» Data for this task:
lemma l2_norm_residual_tendsto_1: "(\<lambda>k. l2_norm (\<lambda>n. x k n - proj_finite A E (x k) n)) \<longlonglongrightarrow> 1"
proof -
  have xl2: "x k \<in> l2" for k using x by (simp add: orthonormal_seq_def)
  have "(\<lambda>k. sqrt (1 - (l2_norm (proj_finite A E (x k)))^2)) \<longlonglongrightarrow> sqrt (1 - 0^2)"
    by (intro tendsto_real_sqrt tendsto_diff tendsto_power tendsto_const
        l2_norm_proj_finite_orthonormal_seq_tendsto_zero[OF E x])
  then have "(\<lambda>k. sqrt ((l2_norm (\<lambda>n. x k n - proj_finite A E (x k) n))^2)) \<longlonglongrightarrow> 1"
    by (simp only: l2_norm_residual_power2) simp
  then show ?thesis
    using l2_norm_nonneg[OF l2_diff[OF xl2 proj_finite_l2[OF E xl2]]] by simp
qed

lemma quadratic_form_normalized_residual_tendsto:
  assumes T: "bounded_op T" and lim: "(\<lambda>k. l2_inner (T (x k)) (x k)) \<longlonglongrightarrow> a"
  defines "y k \<equiv> \<lambda>n. x k n - proj_finite A E (x k) n"
  shows "(\<lambda>k. l2_inner (T (l2_normalize (y k))) (l2_normalize (y k))) \<longlonglongrightarrow> a"
proof -
  have xl2: "x k \<in> l2" for k using x by (simp add: orthonormal_seq_def)
  have yl2: "y k \<in> l2" for k unfolding y_def by (rule l2_diff[OF xl2 proj_finite_l2[OF E xl2]])
  have "(\<lambda>k. l2_inner (T (y k)) (y k)) \<longlonglongrightarrow> a"
    using l2_norm_orthonormal_seq[OF x] l2_norm_residual_le_1
      l2_norm_proj_finite_orthonormal_seq_tendsto_zero[OF E x]
    by (intro quadratic_form_tendsto_cong[OF T xl2 _ yl2 _ _ lim]) (simp_all add: y_def)
  then have "(\<lambda>k. l2_inner (T (y k)) (y k) / complex_of_real ((l2_norm (y k))^2))
      \<longlonglongrightarrow> a / complex_of_real (1^2)"
    unfolding y_def by (intro tendsto_divide tendsto_of_real tendsto_power l2_norm_residual_tendsto_1) simp_all
  then show ?thesis by (simp add: l2_inner_bounded_op_l2_normalize[OF T yl2])
qed

end

definition joint_form :: "('n::finite \<Rightarrow> op) \<Rightarrow> vec \<Rightarrow> real^'n" where
  "joint_form S x = (\<chi> j. Re (l2_inner (S j x) x))"

lemma We_approx_orthogonal:
  fixes S :: "'n::finite \<Rightarrow> op"
  assumes S: "\<And>j. bounded_op (S j)" and mu: "\<mu> \<in> We S"
    and F: "finite F" "F \<subseteq> l2" and \<delta>: "\<delta> > 0"
  shows "\<exists>z\<in>l2. l2_inner z z = 1 \<and> (\<forall>f\<in>F. l2_inner z f = 0) \<and> dist (joint_form S z) \<mu> < \<delta>"
proof -
  obtain E and m :: nat where E: "orthonormal_on {..<m} E"
    and span: "\<forall>v\<in>l2. (\<forall>i<m. l2_inner v (E i) = 0) \<longrightarrow> (\<forall>f\<in>F. l2_inner v f = 0)"
    using Gram_Schmidt_finite[OF F] by blast
  have Efin: "finite {..<m}" by simp
  obtain x where x: "orthonormal_seq x"
    and lim: "\<And>j. (\<lambda>k. l2_inner (S j (x k)) (x k)) \<longlonglongrightarrow> complex_of_real (\<mu> $ j)"
    using mu unfolding We_def by blast
  have xl2: "x k \<in> l2" for k using x by (simp add: orthonormal_seq_def)
  define y where "y k = (\<lambda>n. x k n - proj_finite {..<m} E (x k) n)" for k
  have yl2: "y k \<in> l2" for k unfolding y_def by (rule l2_diff[OF xl2 proj_finite_l2[OF E Efin xl2]])
  have "(\<lambda>k. joint_form S (l2_normalize (y k))) \<longlonglongrightarrow> \<mu>"
    unfolding joint_form_def y_def
    using quadratic_form_normalized_residual_tendsto[OF E Efin x S lim]
    by (intro vec_tendstoI) (simp add: tendsto_Re[where a="complex_of_real _", simplified])
  then have "\<forall>\<^sub>F k in sequentially. dist (joint_form S (l2_normalize (y k))) \<mu> < \<delta> \<and> l2_norm (y k) > 0"
    using eventually_conj[OF tendstoD[OF _ \<delta>] order_tendstoD(1)[OF l2_norm_residual_tendsto_1[OF E Efin x], of 0]]
    by (simp add: y_def)
  then obtain k where k: "dist (joint_form S (l2_normalize (y k))) \<mu> < \<delta>" "l2_norm (y k) > 0"
    by (auto dest: eventually_happens)
  have "\<forall>f\<in>F. l2_inner (y k) f = 0"
    using span yl2 proj_finite_residual_orthogonal[OF E Efin xl2] by (simp add: y_def)
  then have "\<forall>f\<in>F. l2_inner (l2_normalize (y k)) f = 0"
    using l2_inner_l2_normalize_left[OF yl2] F by auto
  then show ?thesis
    using k l2_normalize_l2[OF yl2] l2_inner_l2_normalize_self[OF yl2[of k]] by auto
qed

section \<open>Convex hulls of finitely many points\<close>

text \<open>A hyperplane separating \<open>lam\<close> from the hull would leave the point near the vertex
  pushed against the largest coordinate of its normal on the side of \<open>lam\<close>.\<close>

lemma mem_convex_hull_near_cross_polytope:
  fixes lam :: "real^'n" and \<nu> :: "'n \<times> bool \<Rightarrow> real^'n"
  assumes \<rho>: "\<rho> > 0"
    and near: "\<And>j b. dist (\<nu> (j, b)) (lam + (if b then \<rho> else - \<rho>) *\<^sub>R axis j 1) < \<rho> / (2 * CARD('n))"
  shows "lam \<in> convex hull (range \<nu>)"
proof (rule ccontr)
  assume "lam \<notin> convex hull (range \<nu>)"
  moreover have "closed (convex hull (range \<nu>))"
    by (intro compact_imp_closed compact_convex_hull finite_imp_compact) simp
  ultimately obtain a b where ab: "inner a lam < b" "\<forall>x\<in>convex hull (range \<nu>). b < inner a x"
    using separating_hyperplane_closed_point[OF convex_convex_hull] by blast
  define M where "M = Max (range (\<lambda>j. \<bar>a $ j\<bar>))"
  have "M \<in> range (\<lambda>j. \<bar>a $ j\<bar>)" unfolding M_def by (rule Max_in) auto
  then obtain j0 where j0: "M = \<bar>a $ j0\<bar>" by auto
  have "\<bar>a $ j\<bar> \<le> M" for j unfolding M_def by (rule Max_ge) auto
  then have norm_a: "norm a \<le> CARD('n) * M"
    using norm_le_l1_cart[of a] sum_mono[of UNIV "\<lambda>j. \<bar>a $ j\<bar>" "\<lambda>_. M"] by simp
  define b0 where "b0 = (a $ j0 < 0)"
  define t where "t = lam + (if b0 then \<rho> else - \<rho>) *\<^sub>R axis j0 1"
  have at: "inner a t = inner a lam - \<rho> * M"
    by (auto simp: t_def b0_def j0 inner_add_right inner_axis)
  have "inner a (\<nu> (j0, b0) - t) \<le> norm a * norm (\<nu> (j0, b0) - t)"
    by (rule norm_cauchy_schwarz)
  also have "\<dots> \<le> (CARD('n) * M) * (\<rho> / (2 * CARD('n)))"
    using near[of j0 b0] norm_a j0 by (intro mult_mono) (auto simp: t_def dist_norm)
  also have "\<dots> = \<rho> * M / 2" by simp
  finally have "inner a (\<nu> (j0, b0)) \<le> inner a lam - \<rho> * M / 2"
    using at unfolding inner_diff_right by linarith
  also have "\<dots> < b"
    using ab(1) mult_nonneg_nonneg[of \<rho> M] \<rho> j0 by linarith
  moreover have "\<nu> (j0, b0) \<in> convex hull (range \<nu>)" by (rule hull_inc) simp
  ultimately show False using ab(2) by fastforce
qed

lemma sum_fibre_average:
  fixes \<nu> :: "'i \<Rightarrow> 'a" and g :: "'a \<Rightarrow> 'b::real_vector"
  assumes I: "finite I"
  shows "(\<Sum>i\<in>I. (u (\<nu> i) / card {k \<in> I. \<nu> k = \<nu> i}) *\<^sub>R g (\<nu> i)) = (\<Sum>v\<in>\<nu> ` I. u v *\<^sub>R g v)"
proof -
  let ?F = "\<lambda>i. (u (\<nu> i) / card {k \<in> I. \<nu> k = \<nu> i}) *\<^sub>R g (\<nu> i)"
  have "(\<Sum>i\<in>I. ?F i) = (\<Sum>v\<in>\<nu> ` I. \<Sum>i\<in>{k \<in> I. \<nu> k = v}. ?F i)"
    by (rule sum.image_gen[OF I])
  also have "\<dots> = (\<Sum>v\<in>\<nu> ` I. \<Sum>i\<in>{k \<in> I. \<nu> k = v}. (u v / card {k \<in> I. \<nu> k = v}) *\<^sub>R g v)"
    by (intro sum.cong refl) simp
  also have "\<dots> = (\<Sum>v\<in>\<nu> ` I. u v *\<^sub>R g v)"
  proof (rule sum.cong[OF refl])
    fix v assume "v \<in> \<nu> ` I"
    then have "card {k \<in> I. \<nu> k = v} \<noteq> 0" using I by (auto simp: card_eq_0_iff)
    then show "(\<Sum>i\<in>{k \<in> I. \<nu> k = v}. (u v / card {k \<in> I. \<nu> k = v}) *\<^sub>R g v) = u v *\<^sub>R g v"
      by (simp add: sum_constant_scaleR)
  qed
  finally show ?thesis .
qed

lemma convex_hull_image_weights:
  fixes \<nu> :: "'i \<Rightarrow> 'a::real_vector"
  assumes I: "finite I" and x: "x \<in> convex hull (\<nu> ` I)"
  obtains w where "\<And>i. i \<in> I \<Longrightarrow> 0 \<le> w i" "sum w I = 1" "(\<Sum>i\<in>I. w i *\<^sub>R \<nu> i) = x"
proof -
  obtain u where u: "\<forall>v\<in>\<nu> ` I. 0 \<le> u v" "sum u (\<nu> ` I) = 1" "(\<Sum>v\<in>\<nu> ` I. u v *\<^sub>R v) = x"
    using x convex_hull_finite[of "\<nu> ` I"] I by auto
  define w where "w i = u (\<nu> i) / card {k \<in> I. \<nu> k = \<nu> i}" for i
  show ?thesis
  proof
    show "0 \<le> w i" if "i \<in> I" for i
      using u(1) that by (simp add: w_def)
    show "sum w I = 1"
      using sum_fibre_average[OF I, of u \<nu> "\<lambda>_. 1::real"] u(2) by (simp add: w_def)
    show "(\<Sum>i\<in>I. w i *\<^sub>R \<nu> i) = x"
      using sum_fibre_average[OF I, of u \<nu> id] u(3) by (simp add: w_def)
  qed
qed

section \<open>Diagonal orthonormal families\<close>

lemma l2_inner_selfadjoint_real:
  assumes "selfadjoint_op T" "x \<in> l2"
  shows "l2_inner (T x) x = complex_of_real (Re (l2_inner (T x) x))"
proof -
  have "T x \<in> l2" using assms by (simp add: selfadjoint_op_def bounded_op_l2)
  then have "cnj (l2_inner (T x) x) = l2_inner (T x) x"
    using assms l2_inner_commute_cnj[of "T x" x] by (simp add: selfadjoint_op_def)
  then show ?thesis by (simp add: complex_eq_iff)
qed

» How to complete this task:
Every line in the data that holds the string "also" should be copied.

» Task response:
  also have "\<dots> \<le> (CARD('n) * M) * (\<rho> / (2 * CARD('n)))"
  also have "\<dots> = \<rho> * M / 2" by simp
  also have "\<dots> < b"
  also have "\<dots> = (\<Sum>v\<in>\<nu> ` I. \<Sum>i\<in>{k \<in> I. \<nu> k = v}. (u v / card {k \<in> I. \<nu> k = v}) *\<^sub>R g v)"
  also have "\<dots> = (\<Sum>v\<in>\<nu> ` I. u v *\<^sub>R g v)"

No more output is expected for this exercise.